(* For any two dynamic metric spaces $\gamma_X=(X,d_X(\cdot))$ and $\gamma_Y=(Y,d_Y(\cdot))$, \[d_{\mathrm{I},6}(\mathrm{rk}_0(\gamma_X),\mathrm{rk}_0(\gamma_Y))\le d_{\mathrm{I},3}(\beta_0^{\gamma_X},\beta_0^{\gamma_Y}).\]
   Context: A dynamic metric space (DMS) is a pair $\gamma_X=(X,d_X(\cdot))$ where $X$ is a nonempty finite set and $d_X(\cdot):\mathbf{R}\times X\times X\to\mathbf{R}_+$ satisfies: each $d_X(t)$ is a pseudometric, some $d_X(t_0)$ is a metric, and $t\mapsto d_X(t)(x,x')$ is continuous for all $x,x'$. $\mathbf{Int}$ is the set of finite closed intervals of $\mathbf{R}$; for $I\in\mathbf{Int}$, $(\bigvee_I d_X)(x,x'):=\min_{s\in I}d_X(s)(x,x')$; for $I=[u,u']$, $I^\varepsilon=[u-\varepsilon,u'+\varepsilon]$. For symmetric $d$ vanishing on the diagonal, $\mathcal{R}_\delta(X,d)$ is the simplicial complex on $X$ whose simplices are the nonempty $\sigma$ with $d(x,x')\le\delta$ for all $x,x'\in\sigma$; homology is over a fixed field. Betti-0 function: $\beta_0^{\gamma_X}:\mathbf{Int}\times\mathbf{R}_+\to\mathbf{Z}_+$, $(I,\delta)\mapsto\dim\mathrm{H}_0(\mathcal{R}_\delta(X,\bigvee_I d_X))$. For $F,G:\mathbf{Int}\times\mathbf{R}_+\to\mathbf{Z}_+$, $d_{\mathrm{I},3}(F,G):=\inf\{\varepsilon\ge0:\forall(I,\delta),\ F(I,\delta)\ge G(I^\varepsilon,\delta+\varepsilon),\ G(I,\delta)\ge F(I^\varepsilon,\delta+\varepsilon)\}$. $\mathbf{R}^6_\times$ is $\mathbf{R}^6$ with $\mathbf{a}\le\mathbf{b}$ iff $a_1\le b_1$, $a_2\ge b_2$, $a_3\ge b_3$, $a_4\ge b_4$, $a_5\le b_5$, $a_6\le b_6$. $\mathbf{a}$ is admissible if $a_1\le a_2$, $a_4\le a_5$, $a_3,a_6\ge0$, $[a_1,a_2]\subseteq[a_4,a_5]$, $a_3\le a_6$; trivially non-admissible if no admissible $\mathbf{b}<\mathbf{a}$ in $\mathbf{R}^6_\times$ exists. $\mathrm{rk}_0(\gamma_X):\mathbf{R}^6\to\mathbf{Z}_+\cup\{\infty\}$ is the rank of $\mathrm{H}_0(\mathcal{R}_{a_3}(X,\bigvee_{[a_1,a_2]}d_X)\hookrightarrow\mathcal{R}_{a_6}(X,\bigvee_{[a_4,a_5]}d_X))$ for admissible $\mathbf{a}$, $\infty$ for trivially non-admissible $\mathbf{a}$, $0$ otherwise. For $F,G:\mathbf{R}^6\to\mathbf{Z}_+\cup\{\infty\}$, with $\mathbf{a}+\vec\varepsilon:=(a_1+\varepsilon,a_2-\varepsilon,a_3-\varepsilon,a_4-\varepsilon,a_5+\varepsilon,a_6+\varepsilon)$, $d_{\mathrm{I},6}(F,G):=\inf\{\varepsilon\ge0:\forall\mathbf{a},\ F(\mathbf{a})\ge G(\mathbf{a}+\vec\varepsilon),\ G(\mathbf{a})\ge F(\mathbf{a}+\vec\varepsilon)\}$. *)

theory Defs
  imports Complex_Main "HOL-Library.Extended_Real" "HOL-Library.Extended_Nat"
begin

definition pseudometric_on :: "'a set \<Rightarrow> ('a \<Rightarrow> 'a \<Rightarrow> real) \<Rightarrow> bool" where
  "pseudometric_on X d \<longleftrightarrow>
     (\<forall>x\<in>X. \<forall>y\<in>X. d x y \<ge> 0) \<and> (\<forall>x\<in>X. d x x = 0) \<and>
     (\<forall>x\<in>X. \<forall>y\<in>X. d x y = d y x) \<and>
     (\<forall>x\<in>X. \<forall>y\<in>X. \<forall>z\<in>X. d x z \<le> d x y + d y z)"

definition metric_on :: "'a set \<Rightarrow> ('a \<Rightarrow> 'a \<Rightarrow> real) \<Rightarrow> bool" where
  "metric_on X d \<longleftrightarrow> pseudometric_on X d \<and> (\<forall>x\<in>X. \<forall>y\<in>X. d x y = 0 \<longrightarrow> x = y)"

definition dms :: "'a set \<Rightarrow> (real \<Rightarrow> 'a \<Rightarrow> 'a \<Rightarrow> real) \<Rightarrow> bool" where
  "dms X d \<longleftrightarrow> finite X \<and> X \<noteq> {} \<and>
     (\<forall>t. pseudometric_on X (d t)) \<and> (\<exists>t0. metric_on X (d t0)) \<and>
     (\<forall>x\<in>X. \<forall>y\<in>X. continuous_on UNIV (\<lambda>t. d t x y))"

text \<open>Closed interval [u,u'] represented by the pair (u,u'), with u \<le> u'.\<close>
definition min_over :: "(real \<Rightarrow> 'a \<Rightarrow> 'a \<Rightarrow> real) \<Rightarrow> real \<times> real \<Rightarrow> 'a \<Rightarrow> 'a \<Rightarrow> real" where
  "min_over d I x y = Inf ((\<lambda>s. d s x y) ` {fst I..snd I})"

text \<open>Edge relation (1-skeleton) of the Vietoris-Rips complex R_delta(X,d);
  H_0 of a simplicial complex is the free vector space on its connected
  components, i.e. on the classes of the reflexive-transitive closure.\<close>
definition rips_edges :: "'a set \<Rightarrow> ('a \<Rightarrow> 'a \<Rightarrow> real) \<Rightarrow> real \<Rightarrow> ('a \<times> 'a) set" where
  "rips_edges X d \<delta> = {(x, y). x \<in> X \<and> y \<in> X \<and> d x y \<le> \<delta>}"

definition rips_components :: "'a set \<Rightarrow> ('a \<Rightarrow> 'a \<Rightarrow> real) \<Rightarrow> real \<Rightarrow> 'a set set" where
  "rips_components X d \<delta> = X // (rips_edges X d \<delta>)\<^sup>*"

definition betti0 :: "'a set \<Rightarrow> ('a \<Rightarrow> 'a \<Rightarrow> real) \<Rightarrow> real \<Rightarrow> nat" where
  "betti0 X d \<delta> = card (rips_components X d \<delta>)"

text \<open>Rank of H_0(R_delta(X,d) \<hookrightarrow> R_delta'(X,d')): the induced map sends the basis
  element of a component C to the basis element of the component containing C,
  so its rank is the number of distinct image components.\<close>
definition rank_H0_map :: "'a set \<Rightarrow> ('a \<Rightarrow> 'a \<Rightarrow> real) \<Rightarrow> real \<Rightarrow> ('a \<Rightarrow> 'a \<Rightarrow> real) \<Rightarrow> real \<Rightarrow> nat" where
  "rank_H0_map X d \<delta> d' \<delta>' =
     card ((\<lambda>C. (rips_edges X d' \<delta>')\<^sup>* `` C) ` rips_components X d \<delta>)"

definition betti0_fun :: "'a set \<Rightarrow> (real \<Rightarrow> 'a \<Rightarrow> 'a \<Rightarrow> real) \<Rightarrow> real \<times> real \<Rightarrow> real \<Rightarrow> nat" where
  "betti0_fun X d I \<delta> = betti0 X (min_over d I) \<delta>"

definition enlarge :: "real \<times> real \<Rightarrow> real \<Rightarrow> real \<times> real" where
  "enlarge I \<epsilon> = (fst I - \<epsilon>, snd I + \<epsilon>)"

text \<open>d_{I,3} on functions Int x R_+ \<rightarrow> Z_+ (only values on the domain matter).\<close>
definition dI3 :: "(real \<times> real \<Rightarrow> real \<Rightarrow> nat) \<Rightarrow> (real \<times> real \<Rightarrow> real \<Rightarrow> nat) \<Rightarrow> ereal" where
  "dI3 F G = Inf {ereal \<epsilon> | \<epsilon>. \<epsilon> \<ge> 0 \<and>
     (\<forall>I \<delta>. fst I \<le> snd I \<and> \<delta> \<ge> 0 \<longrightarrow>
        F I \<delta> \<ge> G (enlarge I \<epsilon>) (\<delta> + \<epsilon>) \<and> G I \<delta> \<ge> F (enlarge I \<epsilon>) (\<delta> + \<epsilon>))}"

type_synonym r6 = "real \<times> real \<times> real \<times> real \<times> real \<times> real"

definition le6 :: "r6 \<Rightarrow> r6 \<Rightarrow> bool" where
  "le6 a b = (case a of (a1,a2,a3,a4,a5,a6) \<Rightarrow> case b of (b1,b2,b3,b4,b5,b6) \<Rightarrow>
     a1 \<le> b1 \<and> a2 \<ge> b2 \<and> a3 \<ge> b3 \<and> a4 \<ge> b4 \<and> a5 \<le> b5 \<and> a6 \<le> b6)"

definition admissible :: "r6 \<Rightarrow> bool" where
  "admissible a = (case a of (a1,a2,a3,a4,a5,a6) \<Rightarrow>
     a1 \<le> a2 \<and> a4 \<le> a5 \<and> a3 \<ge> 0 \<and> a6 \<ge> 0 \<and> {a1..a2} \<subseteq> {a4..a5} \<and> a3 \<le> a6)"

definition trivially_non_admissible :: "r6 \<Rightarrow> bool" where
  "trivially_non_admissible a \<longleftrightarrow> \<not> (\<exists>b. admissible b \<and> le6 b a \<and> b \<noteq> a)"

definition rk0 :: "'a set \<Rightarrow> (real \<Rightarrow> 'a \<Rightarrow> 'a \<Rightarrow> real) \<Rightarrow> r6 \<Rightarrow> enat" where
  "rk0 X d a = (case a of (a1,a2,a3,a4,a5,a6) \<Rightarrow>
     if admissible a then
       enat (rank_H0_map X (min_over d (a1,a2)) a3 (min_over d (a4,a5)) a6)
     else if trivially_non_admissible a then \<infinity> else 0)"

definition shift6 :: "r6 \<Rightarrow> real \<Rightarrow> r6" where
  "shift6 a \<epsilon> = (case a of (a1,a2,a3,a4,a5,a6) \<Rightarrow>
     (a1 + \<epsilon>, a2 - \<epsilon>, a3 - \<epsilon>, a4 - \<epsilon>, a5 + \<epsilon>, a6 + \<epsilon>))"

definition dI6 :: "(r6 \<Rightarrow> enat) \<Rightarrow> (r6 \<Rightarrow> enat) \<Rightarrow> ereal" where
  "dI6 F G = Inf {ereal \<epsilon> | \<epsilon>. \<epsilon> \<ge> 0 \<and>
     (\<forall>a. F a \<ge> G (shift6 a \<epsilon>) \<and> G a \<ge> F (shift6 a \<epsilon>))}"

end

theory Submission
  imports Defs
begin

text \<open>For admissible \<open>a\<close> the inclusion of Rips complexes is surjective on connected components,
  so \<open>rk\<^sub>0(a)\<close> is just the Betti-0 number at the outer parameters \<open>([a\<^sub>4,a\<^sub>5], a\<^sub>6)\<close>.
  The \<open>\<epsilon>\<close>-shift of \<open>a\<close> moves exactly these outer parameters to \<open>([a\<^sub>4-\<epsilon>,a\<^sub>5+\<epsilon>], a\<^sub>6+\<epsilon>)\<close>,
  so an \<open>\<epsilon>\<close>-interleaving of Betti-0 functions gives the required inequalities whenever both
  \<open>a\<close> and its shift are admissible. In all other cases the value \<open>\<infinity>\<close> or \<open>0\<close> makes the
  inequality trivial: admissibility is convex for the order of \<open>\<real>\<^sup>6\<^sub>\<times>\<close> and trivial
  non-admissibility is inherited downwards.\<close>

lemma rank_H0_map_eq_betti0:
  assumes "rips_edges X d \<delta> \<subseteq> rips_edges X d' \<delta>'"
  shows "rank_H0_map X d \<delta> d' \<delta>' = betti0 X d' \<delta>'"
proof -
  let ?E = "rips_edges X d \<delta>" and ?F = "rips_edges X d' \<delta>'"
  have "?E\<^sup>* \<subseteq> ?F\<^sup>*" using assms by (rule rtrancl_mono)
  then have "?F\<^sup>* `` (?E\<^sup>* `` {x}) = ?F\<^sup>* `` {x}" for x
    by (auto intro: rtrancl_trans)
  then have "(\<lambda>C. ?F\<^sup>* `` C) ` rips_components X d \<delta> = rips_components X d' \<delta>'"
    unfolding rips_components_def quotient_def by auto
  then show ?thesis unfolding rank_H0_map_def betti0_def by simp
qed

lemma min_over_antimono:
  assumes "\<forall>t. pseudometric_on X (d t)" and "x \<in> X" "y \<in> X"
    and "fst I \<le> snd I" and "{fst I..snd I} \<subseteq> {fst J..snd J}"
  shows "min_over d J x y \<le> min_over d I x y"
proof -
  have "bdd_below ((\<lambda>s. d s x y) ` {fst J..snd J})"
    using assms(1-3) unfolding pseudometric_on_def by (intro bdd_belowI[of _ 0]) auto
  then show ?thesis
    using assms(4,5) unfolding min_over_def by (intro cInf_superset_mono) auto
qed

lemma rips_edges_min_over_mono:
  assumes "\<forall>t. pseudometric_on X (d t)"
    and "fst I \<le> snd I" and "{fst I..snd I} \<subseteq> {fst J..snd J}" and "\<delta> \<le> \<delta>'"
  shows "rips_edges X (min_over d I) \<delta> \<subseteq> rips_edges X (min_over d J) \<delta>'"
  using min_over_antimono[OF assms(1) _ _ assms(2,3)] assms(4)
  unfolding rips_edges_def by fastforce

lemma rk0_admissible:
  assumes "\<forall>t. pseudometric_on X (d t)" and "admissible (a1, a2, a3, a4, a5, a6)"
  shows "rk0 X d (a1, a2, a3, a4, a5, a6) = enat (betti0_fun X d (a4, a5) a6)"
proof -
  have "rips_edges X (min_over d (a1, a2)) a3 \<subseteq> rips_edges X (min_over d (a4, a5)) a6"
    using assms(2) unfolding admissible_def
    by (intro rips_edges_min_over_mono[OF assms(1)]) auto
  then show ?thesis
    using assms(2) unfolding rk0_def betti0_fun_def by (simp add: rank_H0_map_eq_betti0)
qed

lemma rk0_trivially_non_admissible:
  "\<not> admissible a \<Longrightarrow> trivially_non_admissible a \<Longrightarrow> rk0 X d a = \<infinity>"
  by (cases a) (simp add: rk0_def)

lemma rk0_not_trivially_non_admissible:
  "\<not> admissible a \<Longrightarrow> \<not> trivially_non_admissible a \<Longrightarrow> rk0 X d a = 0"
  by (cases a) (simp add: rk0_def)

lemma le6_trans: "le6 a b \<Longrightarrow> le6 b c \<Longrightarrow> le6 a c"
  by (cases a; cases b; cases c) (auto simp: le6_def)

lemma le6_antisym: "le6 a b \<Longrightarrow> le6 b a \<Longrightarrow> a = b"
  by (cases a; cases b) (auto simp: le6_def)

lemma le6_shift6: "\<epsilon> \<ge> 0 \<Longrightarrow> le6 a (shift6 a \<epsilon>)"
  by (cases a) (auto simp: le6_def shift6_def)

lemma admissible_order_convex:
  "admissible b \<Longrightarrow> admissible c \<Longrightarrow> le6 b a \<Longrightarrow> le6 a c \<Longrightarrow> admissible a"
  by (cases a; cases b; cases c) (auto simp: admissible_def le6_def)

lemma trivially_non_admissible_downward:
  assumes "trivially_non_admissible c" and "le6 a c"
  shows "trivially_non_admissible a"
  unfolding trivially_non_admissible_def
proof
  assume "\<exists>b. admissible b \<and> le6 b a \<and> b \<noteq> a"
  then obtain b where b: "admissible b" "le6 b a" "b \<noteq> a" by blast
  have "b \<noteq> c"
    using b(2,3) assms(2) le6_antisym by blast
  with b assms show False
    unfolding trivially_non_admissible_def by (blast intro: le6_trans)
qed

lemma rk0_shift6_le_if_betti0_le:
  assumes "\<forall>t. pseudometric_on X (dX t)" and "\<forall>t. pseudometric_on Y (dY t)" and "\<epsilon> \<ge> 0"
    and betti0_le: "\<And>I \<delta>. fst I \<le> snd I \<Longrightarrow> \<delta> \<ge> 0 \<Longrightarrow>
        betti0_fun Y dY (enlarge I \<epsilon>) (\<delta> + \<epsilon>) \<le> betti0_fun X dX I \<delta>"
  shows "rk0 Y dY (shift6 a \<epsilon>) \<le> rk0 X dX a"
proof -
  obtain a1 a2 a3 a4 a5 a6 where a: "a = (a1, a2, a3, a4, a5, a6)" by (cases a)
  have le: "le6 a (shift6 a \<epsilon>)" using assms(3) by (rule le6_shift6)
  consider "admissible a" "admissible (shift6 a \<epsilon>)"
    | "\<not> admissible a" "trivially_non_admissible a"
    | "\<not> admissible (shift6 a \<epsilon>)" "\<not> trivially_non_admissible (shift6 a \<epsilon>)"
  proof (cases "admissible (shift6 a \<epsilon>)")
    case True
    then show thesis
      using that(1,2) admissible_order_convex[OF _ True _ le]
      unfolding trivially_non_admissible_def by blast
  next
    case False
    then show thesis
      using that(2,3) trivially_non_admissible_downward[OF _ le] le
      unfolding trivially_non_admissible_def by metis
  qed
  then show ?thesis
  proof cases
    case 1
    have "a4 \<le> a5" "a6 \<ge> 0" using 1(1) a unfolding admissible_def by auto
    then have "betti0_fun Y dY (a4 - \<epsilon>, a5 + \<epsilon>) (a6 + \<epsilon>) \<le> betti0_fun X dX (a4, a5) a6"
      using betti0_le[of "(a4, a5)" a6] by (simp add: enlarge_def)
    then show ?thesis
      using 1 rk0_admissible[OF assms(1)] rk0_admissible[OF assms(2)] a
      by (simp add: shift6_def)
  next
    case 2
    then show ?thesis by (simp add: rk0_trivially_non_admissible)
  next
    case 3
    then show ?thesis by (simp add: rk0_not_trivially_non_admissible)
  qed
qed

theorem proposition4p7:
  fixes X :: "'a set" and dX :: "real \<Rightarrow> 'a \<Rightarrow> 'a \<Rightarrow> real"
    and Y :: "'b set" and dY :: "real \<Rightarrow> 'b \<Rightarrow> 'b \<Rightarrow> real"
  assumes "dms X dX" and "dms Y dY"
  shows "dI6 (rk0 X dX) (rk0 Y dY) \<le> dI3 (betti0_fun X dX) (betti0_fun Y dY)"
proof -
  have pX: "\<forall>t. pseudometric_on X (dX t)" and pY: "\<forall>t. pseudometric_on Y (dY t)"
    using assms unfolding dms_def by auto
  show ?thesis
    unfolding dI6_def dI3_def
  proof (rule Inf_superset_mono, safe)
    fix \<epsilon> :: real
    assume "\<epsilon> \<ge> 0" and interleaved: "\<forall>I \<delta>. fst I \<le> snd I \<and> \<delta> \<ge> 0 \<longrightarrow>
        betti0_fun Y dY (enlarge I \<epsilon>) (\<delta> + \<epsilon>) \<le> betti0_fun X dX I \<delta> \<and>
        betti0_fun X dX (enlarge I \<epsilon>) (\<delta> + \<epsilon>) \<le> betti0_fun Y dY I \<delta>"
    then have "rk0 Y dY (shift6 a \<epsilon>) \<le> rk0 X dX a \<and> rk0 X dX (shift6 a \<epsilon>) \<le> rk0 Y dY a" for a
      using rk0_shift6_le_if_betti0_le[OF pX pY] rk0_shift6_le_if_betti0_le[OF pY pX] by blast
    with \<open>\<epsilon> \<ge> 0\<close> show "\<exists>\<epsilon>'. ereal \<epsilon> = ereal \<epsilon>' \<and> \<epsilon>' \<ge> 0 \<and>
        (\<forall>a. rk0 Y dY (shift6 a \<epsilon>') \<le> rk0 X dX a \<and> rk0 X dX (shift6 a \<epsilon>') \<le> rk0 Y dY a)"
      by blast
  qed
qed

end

EXERCISE DIRECTIONS :: Within the data above, find the lines that contain the word "rule" and copy each of them.

YOUR SOLUTION ::
  have "?E\<^sup>* \<subseteq> ?F\<^sup>*" using assms by (rule rtrancl_mono)
  have le: "le6 a (shift6 a \<epsilon>)" using assms(3) by (rule le6_shift6)
  proof (rule Inf_superset_mono, safe)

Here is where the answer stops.